Genau das ist der Weg!
Ohne Gewalt!
Wie du schon richtig beschrieben hast, würde das nur nach hinten los gehen.
Ein toller Vortrag zum Thema (ohne Gewalt kämpfen) auch hier: http://www.ted.com/talks/scilla_elworthy_fighting_with_non_violence.html
Sehr inspirierend, wie ich finde.
…nagut, der Vortrag passt jetzt nicht 100%ig zum Thema Gewalt. Ich finde aber, dass wenn die von den Männern im Hintergrund gesteuerte Exekutive die friedliche Demonstration niedermachen will (natürlich mit Gewalt), das Video ab 4:32min ein tolles Beispiel abgibt, wie man dieser Gewalt entgegnen kann.
Darüber, dass Gewalt kaum eine Lösung sein kann, dürfte ja Einigkeit herrschen. Ob man dagegen mit Sitzblockaden und Camps die Welt verändern kann? Wohl nicht direkt, aber man kann auf seine Ansichten aufmerksam machen, Verbündete gewinnen (oder eben auch Gegner).

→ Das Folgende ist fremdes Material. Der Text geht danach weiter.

lemma max_loglik_infinite_if_det_tendsto_0:
  fixes \<Sigma> :: "real \<Rightarrow> real^'n^'n"
  assumes PD: "\<And>e. e > 0 \<Longrightarrow> \<Sigma> e \<in> PD B"
    and det: "((\<lambda>e. det (\<Sigma> e)) \<longlongrightarrow> 0) (at_right 0)"
    and trace: "\<And>e. e > 0 \<Longrightarrow> trace (matrix_inv (\<Sigma> e) ** S) \<le> T"
  shows "max_loglik B S = \<infinity>"
proof (rule ereal_top)
  fix r
  have "\<forall>\<^sub>F e in at_right 0. det (\<Sigma> e) < exp (- (r + T)) \<and> e > 0"
    by (intro eventually_conj order_tendstoD(2)[OF det] eventually_at_right_less) simp
  then obtain e where e: "det (\<Sigma> e) < exp (- (r + T))" "e > 0"
    using eventually_happens'[OF trivial_limit_at_right_real] by blast
  have "0 < det (\<Sigma> e)"
    using PD[OF e(2)] by (simp add: PD_def pos_def_det_pos)
  then have "ln (det (\<Sigma> e)) < - (r + T)"
    using e(1) ln_less_cancel_iff[of "det (\<Sigma> e)" "exp (- (r + T))"] by simp
  then have "r \<le> loglik (\<Sigma> e) S"
    using trace[OF e(2)] by (simp add: loglik_def)
  then show "ereal r \<le> max_loglik B S"
    unfolding max_loglik_def by (intro SUP_upper2[OF PD[OF e(2)]]) simp
qed

definition edge_pairs :: "'n set set \<Rightarrow> ('n \<times> 'n) set" where
  "edge_pairs B = {(i, j). {i, j} \<in> B}"

definition edge_vector :: "real^'n \<Rightarrow> 'n \<Rightarrow> 'n \<Rightarrow> real^'n" where
  "edge_vector w i j = axis i (w $ j) - axis j (w $ i)"

definition edge_gram :: "'n::finite set set \<Rightarrow> real^'n \<Rightarrow> real^'n^'n" where
  "edge_gram B w = (\<Sum>(i, j)\<in>edge_pairs B. outer (edge_vector w i j))"

lemma inner_edge_vector: "edge_vector w i j \<bullet> z = w $ j * z $ i - w $ i * z $ j"
  by (simp add: edge_vector_def inner_diff_left inner_axis')

lemma outer_mult_vec: "outer u *v v = (u \<bullet> v) *\<^sub>R u"
  by (simp add: outer_def matrix_vector_mult_def vec_eq_iff inner_vec_def sum_distrib_left mult_ac)

lemma sum_matrix_mult_vec: "sum A S *v v = (\<Sum>x\<in>S. A x *v v)"
  by (induction S rule: infinite_finite_induct) (simp_all add: matrix_vector_mult_add_rdistrib)

lemma edge_gram_mult_vec:
  "edge_gram B w *v v = (\<Sum>(i, j)\<in>edge_pairs B. (edge_vector w i j \<bullet> v) *\<^sub>R edge_vector w i j)"
  unfolding edge_gram_def sum_matrix_mult_vec by (simp add: case_prod_unfold outer_mult_vec)

lemma inner_edge_gram:
  "z \<bullet> (edge_gram B w *v v) = (\<Sum>(i, j)\<in>edge_pairs B. (edge_vector w i j \<bullet> z) * (edge_vector w i j \<bullet> v))"
  unfolding edge_gram_mult_vec inner_sum_right by (simp add: case_prod_unfold inner_commute mult_ac)

lemma edge_gram_mult_self: "edge_gram B w *v w = 0"
  by (simp add: edge_gram_mult_vec inner_edge_vector case_prod_unfold mult.commute)

lemma transpose_edge_gram: "transpose (edge_gram B w) = edge_gram B w"
  by (simp add: vec_eq_iff transpose_def edge_gram_def sum_component outer_def case_prod_unfold
      mult.commute)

Für mich, von Außen betrachtet, scheint sich die Occupy-Bewegung früher oder später der gleichen Herausforderung stellen zu müssen, wie vor einigen Jahrzehnten die 68er: Der Marsch durch die Institutionen, um eben jene zu verändern. (Bleibt zu hoffen, dass sie dabei weniger ihrer Ideale aufgeben, als es die 68er getan haben.)